Exercise brief.
What you return must be the lines of the data that hold the word "open".

Information.
[Start of Attachment]

(* Let $\mathbf{x}$ be a $d$-dimensional random vector that is a mixture of two $\sigma$-sub-gaussian random vectors $\mathbf{x}_1,\mathbf{x}_2$ with overlapping supports and mixture proportion $\alpha\in[0,1]$, i.e. its density is $p(\mathbf{x})=\alpha p_1(\mathbf{x})+(1-\alpha)p_2(\mathbf{x})$. Let $\boldsymbol{v}$ satisfy $\|\boldsymbol{v}\|_2=1$ and suppose the Jensen–Shannon divergence satisfies $\mathrm{JS}(\boldsymbol{v}^\top\mathbf{x}_1\,\|\,\boldsymbol{v}^\top\mathbf{x}_2)\le\beta$. Then the differential entropy $H(\boldsymbol{v}^\top\mathbf{x})$ is at most $\mathcal{O}(\log\sigma+\beta)$. *)

theory Defs
  imports "HOL-Probability.Probability"
begin

text \<open>Lebesgue measure on R^d, points represented as functions nat => real
  (coordinates 0..d-1; extensional, i.e. undefined outside).\<close>
abbreviation lebesgue_Rd :: "nat \<Rightarrow> (nat \<Rightarrow> real) measure" where
  "lebesgue_Rd d \<equiv> Pi\<^sub>M {..<d} (\<lambda>_. lborel)"

definition inner_Rd :: "nat \<Rightarrow> (nat \<Rightarrow> real) \<Rightarrow> (nat \<Rightarrow> real) \<Rightarrow> real" where
  "inner_Rd d u x = (\<Sum>i<d. u i * x i)"

definition norm_Rd :: "nat \<Rightarrow> (nat \<Rightarrow> real) \<Rightarrow> real" where
  "norm_Rd d u = sqrt (\<Sum>i<d. (u i)\<^sup>2)"

definition is_density_Rd :: "nat \<Rightarrow> ((nat \<Rightarrow> real) \<Rightarrow> real) \<Rightarrow> bool" where
  "is_density_Rd d p \<longleftrightarrow> p \<in> borel_measurable (lebesgue_Rd d) \<and>
     (\<forall>x\<in>space (lebesgue_Rd d). 0 \<le> p x) \<and>
     integrable (lebesgue_Rd d) p \<and> (\<integral>x. p x \<partial>lebesgue_Rd d) = 1"

definition law_Rd :: "nat \<Rightarrow> ((nat \<Rightarrow> real) \<Rightarrow> real) \<Rightarrow> (nat \<Rightarrow> real) measure" where
  "law_Rd d p = density (lebesgue_Rd d) (\<lambda>x. ennreal (p x))"

definition subgaussian_Rd :: "nat \<Rightarrow> real \<Rightarrow> (nat \<Rightarrow> real) measure \<Rightarrow> bool" where
  "subgaussian_Rd d \<sigma> P \<longleftrightarrow>
     (\<forall>i<d. integrable P (\<lambda>x. x i)) \<and>
     (\<forall>u. norm_Rd d u = 1 \<longrightarrow> (\<forall>l::real.
        integrable P (\<lambda>x. exp (l * (inner_Rd d u x - (\<integral>y. inner_Rd d u y \<partial>P)))) \<and>
        (\<integral>x. exp (l * (inner_Rd d u x - (\<integral>y. inner_Rd d u y \<partial>P))) \<partial>P)
          \<le> exp (l\<^sup>2 * \<sigma>\<^sup>2 / 2)))"

definition mixture_measure :: "real \<Rightarrow> 'a measure \<Rightarrow> 'a measure \<Rightarrow> 'a measure" where
  "mixture_measure a P Q = measure_of (space P) (sets P)
     (\<lambda>A. ennreal a * emeasure P A + ennreal (1 - a) * emeasure Q A)"

text \<open>Jensen-Shannon divergence (natural logarithm):
  JS(P||Q) = 1/2 KL(P||M) + 1/2 KL(Q||M), M = (P+Q)/2.
  Note: library KL_divergence b M N is KL(N || M).\<close>
definition JS_divergence :: "'a measure \<Rightarrow> 'a measure \<Rightarrow> real" where
  "JS_divergence P Q =
     (let M = mixture_measure (1/2) P Q in
      KL_divergence (exp 1) M P / 2 + KL_divergence (exp 1) M Q / 2)"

[End of Attachment]

Output.
text \<open>Lebesgue measure on R^d, points represented as functions nat => real
text \<open>Jensen-Shannon divergence (natural logarithm):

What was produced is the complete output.